7. Can we benefit from more data?

Neural networks are well known for surpassing traditional machine learning techniques as we increase the size of our datasets. We can check whether collecting more data would increase a model’s generalization and accuracy.

8. Can we benefit from more data?

We aim at producing a graph like this one, where we have fitted our model with increasing amounts of training data and plotted the values for the training and test accuracies of each run.

9. Can we benefit from more data?

If after using all our data we see that our test still has a tendency to improve, that is, it's not parallel to our training set curve and it's increasing, then it's worth it to gather more data if possible to allow the model to keep learning.

10. Coding train size comparison

How would we go about coding a graph like the previous one? Imagine we want to evaluate an already built and compiled model and that we have partitioned our data into X_train, y_train, X_test and y_test. We first store the model initial weights, this is done by calling get_weights on our model,we then initialize two lists to store train and test accuracies.

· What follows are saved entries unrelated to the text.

lemma comp_hom [intro]: "f \<in> hom A B \<Longrightarrow> g \<in> hom B D \<Longrightarrow> g \<cdot> f \<in> hom A D"
proof -
  have "\<forall>A B D f g. f \<in> hom A B \<and> g \<in> hom B D \<longrightarrow> g \<cdot> f \<in> hom A D"
    using preadditive unfolding preadditive_def by (elim conjE)
  then show "f \<in> hom A B \<Longrightarrow> g \<in> hom B D \<Longrightarrow> g \<cdot> f \<in> hom A D" by blast
qed

lemma comp_assoc:
  "f \<in> hom A B \<Longrightarrow> g \<in> hom B D \<Longrightarrow> h \<in> hom D E \<Longrightarrow> h \<cdot> (g \<cdot> f) = (h \<cdot> g) \<cdot> f"
proof -
  have "\<forall>A B D E f g h. f \<in> hom A B \<and> g \<in> hom B D \<and> h \<in> hom D E \<longrightarrow>
      h \<cdot> (g \<cdot> f) = (h \<cdot> g) \<cdot> f"
    using preadditive unfolding preadditive_def by (elim conjE)
  then show "f \<in> hom A B \<Longrightarrow> g \<in> hom B D \<Longrightarrow> h \<in> hom D E \<Longrightarrow> h \<cdot> (g \<cdot> f) = (h \<cdot> g) \<cdot> f"
    by blast
qed

lemma id_hom [intro]: "A \<in> ob \<Longrightarrow> idm A \<in> hom A A"
proof -
  have "\<forall>A \<in> ob. idm A \<in> hom A A"
    using preadditive unfolding preadditive_def by (elim conjE)
  then show "A \<in> ob \<Longrightarrow> idm A \<in> hom A A" by blast
qed

lemma id_left_right: "f \<in> hom A B \<Longrightarrow> idm B \<cdot> f = f \<and> f \<cdot> idm A = f"
proof -
  have "\<forall>A B f. f \<in> hom A B \<longrightarrow> idm B \<cdot> f = f \<and> f \<cdot> idm A = f"
    using preadditive unfolding preadditive_def by (elim conjE)
  then show "f \<in> hom A B \<Longrightarrow> idm B \<cdot> f = f \<and> f \<cdot> idm A = f" by blast
qed

lemma id_left [simp]: "f \<in> hom A B \<Longrightarrow> idm B \<cdot> f = f"
  using id_left_right by blast

lemma id_right [simp]: "f \<in> hom A B \<Longrightarrow> f \<cdot> idm A = f"
  using id_left_right by blast

lemma hom_comm_group: "A \<in> ob \<Longrightarrow> B \<in> ob \<Longrightarrow> comm_group (hom_group C A B)"
proof -
  have "\<forall>A \<in> ob. \<forall>B \<in> ob. comm_group (hom_group C A B)"
    using preadditive unfolding preadditive_def by (elim conjE)
  then show "A \<in> ob \<Longrightarrow> B \<in> ob \<Longrightarrow> comm_group (hom_group C A B)" by blast
qed

lemma comp_distrib_left:
  "f \<in> hom A B \<Longrightarrow> f' \<in> hom A B \<Longrightarrow> g \<in> hom B D \<Longrightarrow> g \<cdot> (f \<uplus> f') = g \<cdot> f \<uplus> g \<cdot> f'"
proof -
  have "\<forall>A B D f f' g. f \<in> hom A B \<and> f' \<in> hom A B \<and> g \<in> hom B D \<longrightarrow>
      g \<cdot> (f \<uplus> f') = g \<cdot> f \<uplus> g \<cdot> f'"
    using preadditive unfolding preadditive_def by (elim conjE)
  then show "f \<in> hom A B \<Longrightarrow> f' \<in> hom A B \<Longrightarrow> g \<in> hom B D \<Longrightarrow>
      g \<cdot> (f \<uplus> f') = g \<cdot> f \<uplus> g \<cdot> f'" by blast
qed

lemma comp_distrib_right:
  "f \<in> hom A B \<Longrightarrow> g \<in> hom B D \<Longrightarrow> g' \<in> hom B D \<Longrightarrow> (g \<uplus> g') \<cdot> f = g \<cdot> f \<uplus> g' \<cdot> f"
proof -
  have "\<forall>A B D f g g'. f \<in> hom A B \<and> g \<in> hom B D \<and> g' \<in> hom B D \<longrightarrow>
      (g \<uplus> g') \<cdot> f = g \<cdot> f \<uplus> g' \<cdot> f"
    using preadditive unfolding preadditive_def by (elim conjE)
  then show "f \<in> hom A B \<Longrightarrow> g \<in> hom B D \<Longrightarrow> g' \<in> hom B D \<Longrightarrow>
      (g \<uplus> g') \<cdot> f = g \<cdot> f \<uplus> g' \<cdot> f" by blast
qed

lemma hom_group_simps [simp]:
  "carrier (hom_group C A B) = hom A B" "monoid.mult (hom_group C A B) = cat_add C"
  "one (hom_group C A B) = zero A B"
  by (simp_all add: hom_group_def)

11. Coding train size comparison II

We loop over a predefined list of train sizes and for each training size we get the corresponding training data fraction. Before any training, we make sure our model starts with the same set of weights by setting them to the initial_weights using the set_weights function. After that, we can fit our model on the training fraction. We use an EarlyStopping callback which monitors loss,but it's important to note that it's not validation loss since we haven't provided the fit method with validation data. After the training is done, we can get the accuracy for the training set fraction and the accuracy from the test set and append it to our lists of accuracies. Observe that the same quantity of test data observations were used to evaluate each iteration.

12. Time to dominate all curves!

It's time for you to show that you can dominate learning curves!